= Task details =
Copy out each line below in which the string "dots" appears.

++++ Exercise data ++++

lemma card_in_theta_feasible:
  assumes "fin_graph V E"
  shows "real (card V) \<in> theta_feasible V E"
proof -
  define Z :: "nat \<Rightarrow> nat \<Rightarrow> real" where "Z = (\<lambda>u v. if u = v then real (card V) - 1 else -1)"
  have "quad V Z x = real (card V) * (\<Sum>u\<in>V. (x u)^2) - (\<Sum>u\<in>V. x u)^2" for x
  proof -
    have "quad V Z x = (\<Sum>u\<in>V. \<Sum>v\<in>V. (if u = v then real (card V) * (x u)^2 else 0) - x u * x v)"
      unfolding quad_def Z_def by (intro sum.cong refl) (simp add: algebra_simps power2_eq_square)
    also have "\<dots> = real (card V) * (\<Sum>u\<in>V. (x u)^2) - (\<Sum>u\<in>V. x u)^2"
      using assms unfolding fin_graph_def
      by (simp add: sum_subtractf sum_distrib_left power2_eq_square sum_product sum_distrib_right mult.commute)
    finally show ?thesis .
  qed
  then have "psd V Z"
    using sum_squared_le_sum_of_squares[of x V for x]
    unfolding psd_iff_quad sym_mat_def by (simp add: Z_def mult.commute)
  moreover have "\<forall>(u,v)\<in>E. Z u v = -1"
    using assms unfolding fin_graph_def Z_def by auto
  ultimately show ?thesis
    unfolding theta_feasible_def Z_def by auto
qed

lemma theta_compl_witness:
  assumes "fin_graph V E" and "V \<noteq> {}"
  obtains lam Z where "psd V Z" "\<forall>u\<in>V. Z u u = lam - 1" "\<forall>(u,v)\<in>E. Z u v = -1"
    and "1 \<le> lam" "lam < theta_compl V E + 1"
proof -
  have "bdd_below (theta_feasible V E)"
    using theta_feasible_ge_1[OF assms] by (rule bdd_belowI)
  then obtain lam where "lam \<in> theta_feasible V E" "lam < theta_compl V E + 1"
    using cInf_lessD[of "theta_feasible V E" "theta_compl V E + 1"] card_in_theta_feasible[OF assms(1)]
    unfolding theta_compl_eq_Inf by auto
  then show ?thesis
    using that theta_feasible_ge_1[OF assms] unfolding theta_feasible_def by blast
qed

lemma theta_compl_le_1_if_no_edges:
  assumes "fin_graph V E" and "V \<noteq> {}" and "E = {}"
  shows "theta_compl V E \<le> 1"
  unfolding theta_compl_eq_Inf
proof (rule cInf_lower)
  have "psd V (\<lambda>u v. 0)"
    unfolding psd_iff_quad sym_mat_def quad_def by simp
  then show "1 \<in> theta_feasible V E"
    using assms(3) unfolding theta_feasible_def by force
  show "bdd_below (theta_feasible V E)"
    using theta_feasible_ge_1[OF assms(1,2)] by (rule bdd_belowI)
qed

lemma admissible_constant_pos:
  assumes "fin_graph V E" and "r \<ge> 1" and "(a,b) \<in> edges E"
    and "\<forall>A. sym_mat V A \<longrightarrow> SDP_inf V E A \<le> K * SDP r V E A"
  shows "K > 0"
proof -
  have "a \<in> V" and "a < b"
    using edges_in_vertices[OF assms(1,3)] by auto
  then have n: "card V \<ge> 1"
    using assms(1) unfolding fin_graph_def by (auto simp: Suc_le_eq card_gt_0_iff)
  define A where "A = (\<lambda>u v. if {u,v} = {a,b} then 1 else 0 :: real)"
  have "sym_mat V A"
    unfolding sym_mat_def A_def by (simp add: insert_commute)
  have edge_val: "A u v = (if (u,v) = (a,b) then 1 else 0)" if "(u,v) \<in> edges E" for u v
    using that \<open>a < b\<close> unfolding A_def edges_def by (auto simp: doubleton_eq_iff)
  have obj: "sdp_obj s E A (\<lambda>_. e0) = 1" if "s \<ge> 1" for s
  proof -
    have "sdp_obj s E A (\<lambda>_. e0) = (\<Sum>e\<in>edges E. if e = (a,b) then 1 else 0)"
      unfolding sdp_obj_def ip_e0_e0[OF that] by (intro sum.cong) (auto simp: edge_val split: if_splits)
    also have "\<dots> = 1"
      using finite_edges[OF assms(1)] assms(3) by simp
    finally show ?thesis .
  qed
  have "1 \<le> SDP s V E A" if "s \<ge> 1" for s
    using sdp_obj_le_SDP[OF assms(1), of "\<lambda>_. e0" s A] e0_in_usphere[OF that] obj[OF that] by simp
  then have "1 \<le> SDP_inf V E A" and "1 \<le> SDP r V E A"
    unfolding SDP_inf_def using n assms(2) by simp_all
  moreover have "SDP_inf V E A \<le> K * SDP r V E A"
    using assms(4) \<open>sym_mat V A\<close> by blast
  ultimately show ?thesis
    by (metis dual_order.trans mult_nonpos_nonneg not_le not_one_le_zero zero_le_one)
qed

++++

= Exercise result =
    also have "\<dots> = real (card V) * (\<Sum>u\<in>V. (x u)^2) - (\<Sum>u\<in>V. x u)^2"
    also have "\<dots> = 1"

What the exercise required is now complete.